- _EXERCISE GOAL_
Repeat, line for line, the entries below from the first line to the line containing "monoid_scheme \<Rightarrow> 'g list", counting both ends.

--- START ---

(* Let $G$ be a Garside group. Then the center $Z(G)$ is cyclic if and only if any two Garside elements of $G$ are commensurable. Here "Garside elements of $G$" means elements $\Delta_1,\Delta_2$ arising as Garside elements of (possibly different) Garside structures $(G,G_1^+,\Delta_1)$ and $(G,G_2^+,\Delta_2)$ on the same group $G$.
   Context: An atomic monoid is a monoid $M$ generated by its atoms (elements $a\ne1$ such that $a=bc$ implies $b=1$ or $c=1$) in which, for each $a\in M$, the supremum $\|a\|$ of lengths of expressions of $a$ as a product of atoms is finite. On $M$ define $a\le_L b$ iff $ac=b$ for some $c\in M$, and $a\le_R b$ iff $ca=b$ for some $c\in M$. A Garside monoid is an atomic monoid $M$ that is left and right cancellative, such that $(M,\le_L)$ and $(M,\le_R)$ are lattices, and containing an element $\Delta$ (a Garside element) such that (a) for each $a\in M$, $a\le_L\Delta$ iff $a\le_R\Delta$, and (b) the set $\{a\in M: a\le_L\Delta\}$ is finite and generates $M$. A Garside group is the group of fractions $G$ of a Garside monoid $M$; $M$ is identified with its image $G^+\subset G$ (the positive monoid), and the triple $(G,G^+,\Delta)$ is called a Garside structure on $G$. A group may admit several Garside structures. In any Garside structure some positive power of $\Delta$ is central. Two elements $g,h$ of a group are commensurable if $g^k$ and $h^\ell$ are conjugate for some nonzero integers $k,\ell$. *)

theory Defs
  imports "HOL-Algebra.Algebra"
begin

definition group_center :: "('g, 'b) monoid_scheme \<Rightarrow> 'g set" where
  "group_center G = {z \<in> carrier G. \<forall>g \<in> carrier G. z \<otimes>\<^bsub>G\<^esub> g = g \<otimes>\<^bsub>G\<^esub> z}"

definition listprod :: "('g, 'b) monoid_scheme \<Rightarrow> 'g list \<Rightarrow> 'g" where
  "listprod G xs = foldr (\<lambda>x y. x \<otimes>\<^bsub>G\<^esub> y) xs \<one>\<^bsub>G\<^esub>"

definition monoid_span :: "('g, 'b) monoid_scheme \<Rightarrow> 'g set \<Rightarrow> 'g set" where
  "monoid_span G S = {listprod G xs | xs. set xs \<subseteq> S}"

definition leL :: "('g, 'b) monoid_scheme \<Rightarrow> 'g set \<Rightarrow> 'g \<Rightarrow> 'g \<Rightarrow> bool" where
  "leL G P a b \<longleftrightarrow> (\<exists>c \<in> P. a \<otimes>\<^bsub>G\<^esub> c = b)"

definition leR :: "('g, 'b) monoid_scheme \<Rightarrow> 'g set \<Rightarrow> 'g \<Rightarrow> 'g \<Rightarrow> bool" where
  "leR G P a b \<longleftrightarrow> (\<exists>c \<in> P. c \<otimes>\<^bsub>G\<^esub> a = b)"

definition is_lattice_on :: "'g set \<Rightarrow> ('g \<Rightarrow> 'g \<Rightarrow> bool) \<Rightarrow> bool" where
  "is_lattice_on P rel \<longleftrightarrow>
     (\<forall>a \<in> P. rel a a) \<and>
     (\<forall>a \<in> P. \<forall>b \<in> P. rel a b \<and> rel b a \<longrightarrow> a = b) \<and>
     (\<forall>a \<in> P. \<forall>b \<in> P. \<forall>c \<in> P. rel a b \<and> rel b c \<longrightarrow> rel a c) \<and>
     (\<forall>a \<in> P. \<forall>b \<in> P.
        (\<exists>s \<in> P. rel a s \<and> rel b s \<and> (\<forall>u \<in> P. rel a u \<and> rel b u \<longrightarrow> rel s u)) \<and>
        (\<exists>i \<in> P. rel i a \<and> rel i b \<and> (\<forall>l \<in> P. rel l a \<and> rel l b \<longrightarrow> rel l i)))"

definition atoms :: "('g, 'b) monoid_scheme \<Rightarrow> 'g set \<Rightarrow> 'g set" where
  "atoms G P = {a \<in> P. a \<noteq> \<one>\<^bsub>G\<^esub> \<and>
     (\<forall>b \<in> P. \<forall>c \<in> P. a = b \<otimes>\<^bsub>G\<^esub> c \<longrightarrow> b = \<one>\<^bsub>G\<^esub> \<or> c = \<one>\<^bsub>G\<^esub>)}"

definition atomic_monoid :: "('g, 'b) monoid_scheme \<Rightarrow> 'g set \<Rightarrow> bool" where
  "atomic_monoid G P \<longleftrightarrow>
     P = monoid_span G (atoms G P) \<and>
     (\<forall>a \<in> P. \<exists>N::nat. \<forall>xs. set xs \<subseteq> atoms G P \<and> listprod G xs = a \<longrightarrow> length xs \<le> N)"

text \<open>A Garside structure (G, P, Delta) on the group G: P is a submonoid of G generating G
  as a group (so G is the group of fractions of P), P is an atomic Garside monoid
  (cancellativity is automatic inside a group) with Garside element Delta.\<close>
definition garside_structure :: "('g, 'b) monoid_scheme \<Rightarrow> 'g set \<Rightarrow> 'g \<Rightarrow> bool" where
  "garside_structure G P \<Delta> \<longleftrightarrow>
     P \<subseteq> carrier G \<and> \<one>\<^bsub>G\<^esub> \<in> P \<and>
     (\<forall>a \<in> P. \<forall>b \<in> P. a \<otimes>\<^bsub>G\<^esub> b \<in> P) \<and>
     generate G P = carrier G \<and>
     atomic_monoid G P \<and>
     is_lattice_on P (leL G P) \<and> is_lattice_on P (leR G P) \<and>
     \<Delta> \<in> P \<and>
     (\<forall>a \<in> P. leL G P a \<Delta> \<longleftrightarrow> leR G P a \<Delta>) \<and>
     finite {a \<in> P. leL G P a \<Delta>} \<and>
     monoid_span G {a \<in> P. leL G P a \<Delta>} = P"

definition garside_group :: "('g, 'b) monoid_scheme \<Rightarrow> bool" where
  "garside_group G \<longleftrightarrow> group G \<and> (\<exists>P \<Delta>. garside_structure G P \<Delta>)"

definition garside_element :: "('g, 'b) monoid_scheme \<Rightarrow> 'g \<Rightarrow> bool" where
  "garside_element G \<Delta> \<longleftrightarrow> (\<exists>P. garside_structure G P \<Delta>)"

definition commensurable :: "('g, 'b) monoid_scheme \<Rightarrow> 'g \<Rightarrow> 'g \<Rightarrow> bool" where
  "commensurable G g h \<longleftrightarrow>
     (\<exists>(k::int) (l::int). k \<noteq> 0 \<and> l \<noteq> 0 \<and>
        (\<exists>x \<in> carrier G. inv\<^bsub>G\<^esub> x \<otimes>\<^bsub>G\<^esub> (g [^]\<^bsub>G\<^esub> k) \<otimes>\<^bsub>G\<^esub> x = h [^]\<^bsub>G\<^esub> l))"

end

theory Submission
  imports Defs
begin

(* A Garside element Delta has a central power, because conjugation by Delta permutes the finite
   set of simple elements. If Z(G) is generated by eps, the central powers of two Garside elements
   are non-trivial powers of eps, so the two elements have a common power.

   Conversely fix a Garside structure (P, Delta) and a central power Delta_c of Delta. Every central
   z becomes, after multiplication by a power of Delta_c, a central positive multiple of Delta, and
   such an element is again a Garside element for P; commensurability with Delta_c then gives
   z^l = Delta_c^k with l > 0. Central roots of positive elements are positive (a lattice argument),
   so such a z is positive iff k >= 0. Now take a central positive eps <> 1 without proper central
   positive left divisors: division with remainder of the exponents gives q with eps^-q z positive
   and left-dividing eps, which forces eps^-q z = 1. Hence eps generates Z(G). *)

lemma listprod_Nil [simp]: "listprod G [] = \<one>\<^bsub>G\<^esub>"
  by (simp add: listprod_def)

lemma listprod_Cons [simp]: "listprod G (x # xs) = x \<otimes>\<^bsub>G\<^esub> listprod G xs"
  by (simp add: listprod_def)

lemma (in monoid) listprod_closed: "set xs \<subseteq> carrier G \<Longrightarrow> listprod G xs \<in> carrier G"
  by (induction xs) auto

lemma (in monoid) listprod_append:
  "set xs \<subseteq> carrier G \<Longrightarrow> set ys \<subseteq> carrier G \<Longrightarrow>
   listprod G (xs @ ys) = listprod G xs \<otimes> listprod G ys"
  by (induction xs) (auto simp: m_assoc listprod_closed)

--- END ---

- _TASK ANSWER_
(* Let $G$ be a Garside group. Then the center $Z(G)$ is cyclic if and only if any two Garside elements of $G$ are commensurable. Here "Garside elements of $G$" means elements $\Delta_1,\Delta_2$ arising as Garside elements of (possibly different) Garside structures $(G,G_1^+,\Delta_1)$ and $(G,G_2^+,\Delta_2)$ on the same group $G$.
   Context: An atomic monoid is a monoid $M$ generated by its atoms (elements $a\ne1$ such that $a=bc$ implies $b=1$ or $c=1$) in which, for each $a\in M$, the supremum $\|a\|$ of lengths of expressions of $a$ as a product of atoms is finite. On $M$ define $a\le_L b$ iff $ac=b$ for some $c\in M$, and $a\le_R b$ iff $ca=b$ for some $c\in M$. A Garside monoid is an atomic monoid $M$ that is left and right cancellative, such that $(M,\le_L)$ and $(M,\le_R)$ are lattices, and containing an element $\Delta$ (a Garside element) such that (a) for each $a\in M$, $a\le_L\Delta$ iff $a\le_R\Delta$, and (b) the set $\{a\in M: a\le_L\Delta\}$ is finite and generates $M$. A Garside group is the group of fractions $G$ of a Garside monoid $M$; $M$ is identified with its image $G^+\subset G$ (the positive monoid), and the triple $(G,G^+,\Delta)$ is called a Garside structure on $G$. A group may admit several Garside structures. In any Garside structure some positive power of $\Delta$ is central. Two elements $g,h$ of a group are commensurable if $g^k$ and $h^\ell$ are conjugate for some nonzero integers $k,\ell$. *)

theory Defs
  imports "HOL-Algebra.Algebra"
begin

definition group_center :: "('g, 'b) monoid_scheme \<Rightarrow> 'g set" where
  "group_center G = {z \<in> carrier G. \<forall>g \<in> carrier G. z \<otimes>\<^bsub>G\<^esub> g = g \<otimes>\<^bsub>G\<^esub> z}"

definition listprod :: "('g, 'b) monoid_scheme \<Rightarrow> 'g list \<Rightarrow> 'g" where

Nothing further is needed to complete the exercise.